= Debra Kolodny =

American rabbi

Debra Kolodny is a bisexual rights activist and congregational rabbi. They served in the past as Executive Director of Nehirim.

==Background==
Kondny came out as bisexual in 1984 and has continued to be open about their orientation in the context of rabbinic ministry.

They edited the first anthology by bisexual people of faith, Blessed Bi Spirit (2000), to which they contributed "Hear, I Pray You, This Dream Which I Have Dreamed", about Jewish identity and bisexuality.

Kolodny was the National Coordinator of BiNet USA for five years and facilitator of the National Gay and Lesbian Task Force's National Religious Leadership Roundtable from 1998 until 2004. Kolodny was also interviewed by several major news outlets for stories on bisexuality, such as the Philadelphia Inquirer and the Toronto Globe and Mail.

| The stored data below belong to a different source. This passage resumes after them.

definition pos_density_Rplus :: "(real \<Rightarrow> real) \<Rightarrow> bool" where
  "pos_density_Rplus h \<longleftrightarrow> (\<forall>t\<ge>0. h t > 0) \<and> set_integrable lborel {0..} h \<and>
     (LINT t:{0..}|lborel. h t) = 1"

definition cdf_Rplus :: "(real \<Rightarrow> real) \<Rightarrow> real \<Rightarrow> real" where
  "cdf_Rplus h t = (LINT s:{0..t}|lborel. h s)"

definition SCF_RT :: "'a set \<Rightarrow> ('a \<times> 'a) set \<Rightarrow> ('a \<Rightarrow> 'a \<Rightarrow> real)
    \<Rightarrow> ('a \<Rightarrow> 'a \<Rightarrow> real \<Rightarrow> real) \<Rightarrow> bool" where
  "SCF_RT X D p f \<longleftrightarrow> domain_ok X D \<and> SCF D p \<and>
     (\<forall>x y. (x, y) \<in> D \<longrightarrow> pos_density_Rplus (f x y))"

definition density_R :: "(real \<Rightarrow> real) \<Rightarrow> bool" where
  "density_R h \<longleftrightarrow> (\<forall>v. h v \<ge> 0) \<and> integrable lborel h \<and> (LINT v|lborel. h v) = 1"

definition cdf_R :: "(real \<Rightarrow> real) \<Rightarrow> real \<Rightarrow> real" where
  "cdf_R h v = (LINT w:{..v}|lborel. h w)"

definition dsupport :: "(real \<Rightarrow> real) \<Rightarrow> real set" where
  "dsupport h = closure {v. h v \<noteq> 0}"

definition RUM :: "'a set \<Rightarrow> ('a \<Rightarrow> real) \<Rightarrow> ('a \<Rightarrow> 'a \<Rightarrow> real \<Rightarrow> real) \<Rightarrow> bool" where
  "RUM X u g \<longleftrightarrow> (\<forall>x y. (x, y) \<in> pairs_C X \<longrightarrow>
      density_R (g x y) \<and>
      integrable lborel (\<lambda>v. v * g x y v) \<and>
      (LINT v|lborel. v * g x y v) = u x - u y \<and>
      (\<forall>v. g x y v = g y x (- v)) \<and>
      connected (dsupport (g x y)))"

definition choice_fun :: "(real \<Rightarrow> real) \<Rightarrow> bool" where
  "choice_fun r \<longleftrightarrow> (\<forall>v>0. r v \<ge> 0) \<and> continuous_on {0<..} r \<and>
     (\<forall>v w. 0 < v \<and> v < w \<and> 0 < r v \<and> 0 < r w \<longrightarrow> r w < r v) \<and>
     filterlim r at_top (at_right 0) \<and> (r \<longlongrightarrow> 0) at_top"

definition r_inv :: "(real \<Rightarrow> real) \<Rightarrow> real \<Rightarrow> real" where
  "r_inv r t = (THE v. 0 < v \<and> 0 < r v \<and> r v = t)"

definition RUM_CF :: "'a set \<Rightarrow> ('a \<Rightarrow> real) \<Rightarrow> ('a \<Rightarrow> 'a \<Rightarrow> real \<Rightarrow> real)
    \<Rightarrow> (real \<Rightarrow> real) \<Rightarrow> bool" where
  "RUM_CF X u g r \<longleftrightarrow> RUM X u g \<and> choice_fun r"

definition rationalizes :: "('a \<times> 'a) set \<Rightarrow> ('a \<Rightarrow> 'a \<Rightarrow> real) \<Rightarrow> ('a \<Rightarrow> 'a \<Rightarrow> real \<Rightarrow> real)
    \<Rightarrow> ('a \<Rightarrow> real) \<Rightarrow> ('a \<Rightarrow> 'a \<Rightarrow> real \<Rightarrow> real) \<Rightarrow> (real \<Rightarrow> real) \<Rightarrow> bool" where
  "rationalizes D p f u g r \<longleftrightarrow> (\<forall>x y. (x, y) \<in> D \<longrightarrow>
      cdf_R (g x y) 0 = p y x \<and>
      (\<forall>t>0. (1 - cdf_R (g x y) (r_inv r t)) / (1 - cdf_R (g x y) 0) = cdf_Rplus (f x y) t))"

Kolodny joined Pnai Or, Portland's Jewish Renewal congregation, as its rabbi in September 2011. Before moving to Portland, they served for 9 years as the executive director of ALEPH: Alliance for Jewish Renewal. Kolodny also served the northern Virginia community of Shoreshim for four years, was a lay leader at Fabrangen in Washington, D.C., for 13 years and was the founder and spiritual leader of the Pnai HaSadeh learning minyan for five years. In March 2013 Kolodny began to split their time between P'nai Or and Nehirim, a national community of LGBT Jews, families, and allies, where Kolodny serves as Executive Director.